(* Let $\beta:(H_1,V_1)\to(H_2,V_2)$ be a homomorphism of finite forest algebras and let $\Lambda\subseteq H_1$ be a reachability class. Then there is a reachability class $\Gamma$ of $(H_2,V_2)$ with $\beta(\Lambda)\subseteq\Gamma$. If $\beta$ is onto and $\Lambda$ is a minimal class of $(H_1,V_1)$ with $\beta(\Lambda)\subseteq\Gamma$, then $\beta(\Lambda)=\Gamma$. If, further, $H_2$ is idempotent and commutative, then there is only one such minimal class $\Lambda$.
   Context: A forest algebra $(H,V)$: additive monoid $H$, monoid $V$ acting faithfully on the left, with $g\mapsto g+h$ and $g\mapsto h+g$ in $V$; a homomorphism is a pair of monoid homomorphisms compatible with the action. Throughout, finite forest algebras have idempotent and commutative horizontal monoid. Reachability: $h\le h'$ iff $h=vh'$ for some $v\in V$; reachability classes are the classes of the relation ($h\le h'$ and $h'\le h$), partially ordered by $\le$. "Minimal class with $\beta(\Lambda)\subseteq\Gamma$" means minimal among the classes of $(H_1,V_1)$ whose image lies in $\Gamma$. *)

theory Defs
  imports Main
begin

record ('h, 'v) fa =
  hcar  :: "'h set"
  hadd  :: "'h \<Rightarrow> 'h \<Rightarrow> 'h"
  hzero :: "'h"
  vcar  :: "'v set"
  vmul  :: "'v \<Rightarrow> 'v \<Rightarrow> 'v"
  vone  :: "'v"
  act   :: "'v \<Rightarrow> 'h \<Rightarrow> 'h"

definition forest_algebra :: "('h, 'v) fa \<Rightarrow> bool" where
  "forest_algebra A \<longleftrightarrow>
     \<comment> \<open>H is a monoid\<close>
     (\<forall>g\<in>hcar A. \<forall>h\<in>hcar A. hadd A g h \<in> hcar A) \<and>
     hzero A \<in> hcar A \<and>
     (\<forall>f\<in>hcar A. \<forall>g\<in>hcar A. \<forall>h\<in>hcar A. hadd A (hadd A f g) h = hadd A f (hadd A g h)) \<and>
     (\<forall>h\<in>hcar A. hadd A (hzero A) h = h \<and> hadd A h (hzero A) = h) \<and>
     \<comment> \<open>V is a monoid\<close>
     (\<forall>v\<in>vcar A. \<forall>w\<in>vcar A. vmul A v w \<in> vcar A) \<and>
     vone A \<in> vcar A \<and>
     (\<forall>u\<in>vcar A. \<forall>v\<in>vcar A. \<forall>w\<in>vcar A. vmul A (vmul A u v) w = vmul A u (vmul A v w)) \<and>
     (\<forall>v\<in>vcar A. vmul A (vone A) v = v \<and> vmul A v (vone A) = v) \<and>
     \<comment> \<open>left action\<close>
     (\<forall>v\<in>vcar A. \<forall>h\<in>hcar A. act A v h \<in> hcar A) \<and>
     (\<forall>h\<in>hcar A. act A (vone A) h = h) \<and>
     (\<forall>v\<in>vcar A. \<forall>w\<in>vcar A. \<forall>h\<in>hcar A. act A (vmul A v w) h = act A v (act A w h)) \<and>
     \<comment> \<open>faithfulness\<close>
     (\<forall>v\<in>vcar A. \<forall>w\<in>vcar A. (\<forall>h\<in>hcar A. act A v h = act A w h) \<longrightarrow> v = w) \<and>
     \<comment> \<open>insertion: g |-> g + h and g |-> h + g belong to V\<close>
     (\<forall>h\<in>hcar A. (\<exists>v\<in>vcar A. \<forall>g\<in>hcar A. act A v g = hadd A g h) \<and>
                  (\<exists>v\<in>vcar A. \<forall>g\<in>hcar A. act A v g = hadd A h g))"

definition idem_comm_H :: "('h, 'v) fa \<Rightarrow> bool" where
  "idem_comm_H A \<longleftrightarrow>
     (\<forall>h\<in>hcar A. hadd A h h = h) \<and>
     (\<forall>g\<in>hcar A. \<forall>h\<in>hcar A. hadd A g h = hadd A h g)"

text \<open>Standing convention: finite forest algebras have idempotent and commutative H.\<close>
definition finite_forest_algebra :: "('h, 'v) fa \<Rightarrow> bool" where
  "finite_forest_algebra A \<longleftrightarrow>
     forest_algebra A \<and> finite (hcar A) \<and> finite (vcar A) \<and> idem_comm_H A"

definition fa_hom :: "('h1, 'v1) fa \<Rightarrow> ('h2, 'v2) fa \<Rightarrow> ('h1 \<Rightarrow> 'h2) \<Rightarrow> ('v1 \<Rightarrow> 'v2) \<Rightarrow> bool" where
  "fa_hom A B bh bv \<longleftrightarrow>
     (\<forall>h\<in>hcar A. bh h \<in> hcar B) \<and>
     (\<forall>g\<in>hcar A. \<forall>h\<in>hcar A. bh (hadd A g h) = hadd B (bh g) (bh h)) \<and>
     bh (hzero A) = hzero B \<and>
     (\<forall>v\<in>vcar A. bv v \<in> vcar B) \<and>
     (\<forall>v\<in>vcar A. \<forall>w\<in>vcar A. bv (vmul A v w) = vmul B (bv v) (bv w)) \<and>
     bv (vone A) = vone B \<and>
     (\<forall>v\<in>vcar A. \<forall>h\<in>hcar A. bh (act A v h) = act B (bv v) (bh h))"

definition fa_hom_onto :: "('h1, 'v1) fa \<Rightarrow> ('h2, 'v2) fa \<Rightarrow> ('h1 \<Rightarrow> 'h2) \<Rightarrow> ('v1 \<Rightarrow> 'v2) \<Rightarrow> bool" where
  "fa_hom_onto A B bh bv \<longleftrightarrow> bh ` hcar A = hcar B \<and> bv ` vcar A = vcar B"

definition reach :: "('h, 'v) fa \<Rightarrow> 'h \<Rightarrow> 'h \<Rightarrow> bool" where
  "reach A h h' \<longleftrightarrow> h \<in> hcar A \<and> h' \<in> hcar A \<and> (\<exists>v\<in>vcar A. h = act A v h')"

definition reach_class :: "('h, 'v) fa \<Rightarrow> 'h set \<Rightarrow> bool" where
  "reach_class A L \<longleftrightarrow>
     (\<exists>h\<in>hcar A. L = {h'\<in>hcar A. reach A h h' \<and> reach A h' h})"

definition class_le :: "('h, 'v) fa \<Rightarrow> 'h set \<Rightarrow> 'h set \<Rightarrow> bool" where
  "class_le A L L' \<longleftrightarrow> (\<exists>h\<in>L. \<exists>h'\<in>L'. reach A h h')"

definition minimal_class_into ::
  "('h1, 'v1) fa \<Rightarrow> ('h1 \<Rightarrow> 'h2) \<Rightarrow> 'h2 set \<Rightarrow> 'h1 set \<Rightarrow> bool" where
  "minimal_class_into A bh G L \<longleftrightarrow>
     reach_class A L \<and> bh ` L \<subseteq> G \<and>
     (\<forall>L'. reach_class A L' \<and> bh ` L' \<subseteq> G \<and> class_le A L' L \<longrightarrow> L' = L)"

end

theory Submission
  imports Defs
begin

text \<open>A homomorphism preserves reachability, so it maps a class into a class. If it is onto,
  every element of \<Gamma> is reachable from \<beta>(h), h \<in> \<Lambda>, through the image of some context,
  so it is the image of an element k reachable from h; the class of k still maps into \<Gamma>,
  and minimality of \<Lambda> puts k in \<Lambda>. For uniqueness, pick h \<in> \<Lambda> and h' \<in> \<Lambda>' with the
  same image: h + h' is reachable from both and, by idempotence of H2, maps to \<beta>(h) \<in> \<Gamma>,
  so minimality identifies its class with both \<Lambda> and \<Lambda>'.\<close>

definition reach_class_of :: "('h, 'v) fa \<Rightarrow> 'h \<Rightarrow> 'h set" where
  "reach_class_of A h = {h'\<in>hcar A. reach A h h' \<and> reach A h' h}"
----------
- _Aim of the task_: Word for word, transcribe the complete listing.

- _Result of this task_:
(* Let $\beta:(H_1,V_1)\to(H_2,V_2)$ be a homomorphism of finite forest algebras and let $\Lambda\subseteq H_1$ be a reachability class. Then there is a reachability class $\Gamma$ of $(H_2,V_2)$ with $\beta(\Lambda)\subseteq\Gamma$. If $\beta$ is onto and $\Lambda$ is a minimal class of $(H_1,V_1)$ with $\beta(\Lambda)\subseteq\Gamma$, then $\beta(\Lambda)=\Gamma$. If, further, $H_2$ is idempotent and commutative, then there is only one such minimal class $\Lambda$.
   Context: A forest algebra $(H,V)$: additive monoid $H$, monoid $V$ acting faithfully on the left, with $g\mapsto g+h$ and $g\mapsto h+g$ in $V$; a homomorphism is a pair of monoid homomorphisms compatible with the action. Throughout, finite forest algebras have idempotent and commutative horizontal monoid. Reachability: $h\le h'$ iff $h=vh'$ for some $v\in V$; reachability classes are the classes of the relation ($h\le h'$ and $h'\le h$), partially ordered by $\le$. "Minimal class with $\beta(\Lambda)\subseteq\Gamma$" means minimal among the classes of $(H_1,V_1)$ whose image lies in $\Gamma$. *)

theory Defs
  imports Main
begin

record ('h, 'v) fa =
  hcar  :: "'h set"
  hadd  :: "'h \<Rightarrow> 'h \<Rightarrow> 'h"
  hzero :: "'h"
  vcar  :: "'v set"
  vmul  :: "'v \<Rightarrow> 'v \<Rightarrow> 'v"
  vone  :: "'v"
  act   :: "'v \<Rightarrow> 'h \<Rightarrow> 'h"

definition forest_algebra :: "('h, 'v) fa \<Rightarrow> bool" where
  "forest_algebra A \<longleftrightarrow>
     \<comment> \<open>H is a monoid\<close>
     (\<forall>g\<in>hcar A. \<forall>h\<in>hcar A. hadd A g h \<in> hcar A) \<and>
     hzero A \<in> hcar A \<and>
     (\<forall>f\<in>hcar A. \<forall>g\<in>hcar A. \<forall>h\<in>hcar A. hadd A (hadd A f g) h = hadd A f (hadd A g h)) \<and>
     (\<forall>h\<in>hcar A. hadd A (hzero A) h = h \<and> hadd A h (hzero A) = h) \<and>
     \<comment> \<open>V is a monoid\<close>
     (\<forall>v\<in>vcar A. \<forall>w\<in>vcar A. vmul A v w \<in> vcar A) \<and>
     vone A \<in> vcar A \<and>
     (\<forall>u\<in>vcar A. \<forall>v\<in>vcar A. \<forall>w\<in>vcar A. vmul A (vmul A u v) w = vmul A u (vmul A v w)) \<and>
     (\<forall>v\<in>vcar A. vmul A (vone A) v = v \<and> vmul A v (vone A) = v) \<and>
     \<comment> \<open>left action\<close>
     (\<forall>v\<in>vcar A. \<forall>h\<in>hcar A. act A v h \<in> hcar A) \<and>
     (\<forall>h\<in>hcar A. act A (vone A) h = h) \<and>
     (\<forall>v\<in>vcar A. \<forall>w\<in>vcar A. \<forall>h\<in>hcar A. act A (vmul A v w) h = act A v (act A w h)) \<and>
     \<comment> \<open>faithfulness\<close>
     (\<forall>v\<in>vcar A. \<forall>w\<in>vcar A. (\<forall>h\<in>hcar A. act A v h = act A w h) \<longrightarrow> v = w) \<and>
     \<comment> \<open>insertion: g |-> g + h and g |-> h + g belong to V\<close>
     (\<forall>h\<in>hcar A. (\<exists>v\<in>vcar A. \<forall>g\<in>hcar A. act A v g = hadd A g h) \<and>
                  (\<exists>v\<in>vcar A. \<forall>g\<in>hcar A. act A v g = hadd A h g))"

definition idem_comm_H :: "('h, 'v) fa \<Rightarrow> bool" where
  "idem_comm_H A \<longleftrightarrow>
     (\<forall>h\<in>hcar A. hadd A h h = h) \<and>
     (\<forall>g\<in>hcar A. \<forall>h\<in>hcar A. hadd A g h = hadd A h g)"

text \<open>Standing convention: finite forest algebras have idempotent and commutative H.\<close>
definition finite_forest_algebra :: "('h, 'v) fa \<Rightarrow> bool" where
  "finite_forest_algebra A \<longleftrightarrow>
     forest_algebra A \<and> finite (hcar A) \<and> finite (vcar A) \<and> idem_comm_H A"

definition fa_hom :: "('h1, 'v1) fa \<Rightarrow> ('h2, 'v2) fa \<Rightarrow> ('h1 \<Rightarrow> 'h2) \<Rightarrow> ('v1 \<Rightarrow> 'v2) \<Rightarrow> bool" where
  "fa_hom A B bh bv \<longleftrightarrow>
     (\<forall>h\<in>hcar A. bh h \<in> hcar B) \<and>
     (\<forall>g\<in>hcar A. \<forall>h\<in>hcar A. bh (hadd A g h) = hadd B (bh g) (bh h)) \<and>
     bh (hzero A) = hzero B \<and>
     (\<forall>v\<in>vcar A. bv v \<in> vcar B) \<and>
     (\<forall>v\<in>vcar A. \<forall>w\<in>vcar A. bv (vmul A v w) = vmul B (bv v) (bv w)) \<and>
     bv (vone A) = vone B \<and>
     (\<forall>v\<in>vcar A. \<forall>h\<in>hcar A. bh (act A v h) = act B (bv v) (bh h))"

definition fa_hom_onto :: "('h1, 'v1) fa \<Rightarrow> ('h2, 'v2) fa \<Rightarrow> ('h1 \<Rightarrow> 'h2) \<Rightarrow> ('v1 \<Rightarrow> 'v2) \<Rightarrow> bool" where
  "fa_hom_onto A B bh bv \<longleftrightarrow> bh ` hcar A = hcar B \<and> bv ` vcar A = vcar B"

definition reach :: "('h, 'v) fa \<Rightarrow> 'h \<Rightarrow> 'h \<Rightarrow> bool" where
  "reach A h h' \<longleftrightarrow> h \<in> hcar A \<and> h' \<in> hcar A \<and> (\<exists>v\<in>vcar A. h = act A v h')"

definition reach_class :: "('h, 'v) fa \<Rightarrow> 'h set \<Rightarrow> bool" where
  "reach_class A L \<longleftrightarrow>
     (\<exists>h\<in>hcar A. L = {h'\<in>hcar A. reach A h h' \<and> reach A h' h})"

definition class_le :: "('h, 'v) fa \<Rightarrow> 'h set \<Rightarrow> 'h set \<Rightarrow> bool" where
  "class_le A L L' \<longleftrightarrow> (\<exists>h\<in>L. \<exists>h'\<in>L'. reach A h h')"

definition minimal_class_into ::
  "('h1, 'v1) fa \<Rightarrow> ('h1 \<Rightarrow> 'h2) \<Rightarrow> 'h2 set \<Rightarrow> 'h1 set \<Rightarrow> bool" where
  "minimal_class_into A bh G L \<longleftrightarrow>
     reach_class A L \<and> bh ` L \<subseteq> G \<and>
     (\<forall>L'. reach_class A L' \<and> bh ` L' \<subseteq> G \<and> class_le A L' L \<longrightarrow> L' = L)"

end

theory Submission
  imports Defs
begin

text \<open>A homomorphism preserves reachability, so it maps a class into a class. If it is onto,
  every element of \<Gamma> is reachable from \<beta>(h), h \<in> \<Lambda>, through the image of some context,
  so it is the image of an element k reachable from h; the class of k still maps into \<Gamma>,
  and minimality of \<Lambda> puts k in \<Lambda>. For uniqueness, pick h \<in> \<Lambda> and h' \<in> \<Lambda>' with the
  same image: h + h' is reachable from both and, by idempotence of H2, maps to \<beta>(h) \<in> \<Gamma>,
  so minimality identifies its class with both \<Lambda> and \<Lambda>'.\<close>

definition reach_class_of :: "('h, 'v) fa \<Rightarrow> 'h \<Rightarrow> 'h set" where
  "reach_class_of A h = {h'\<in>hcar A. reach A h h' \<and> reach A h' h}"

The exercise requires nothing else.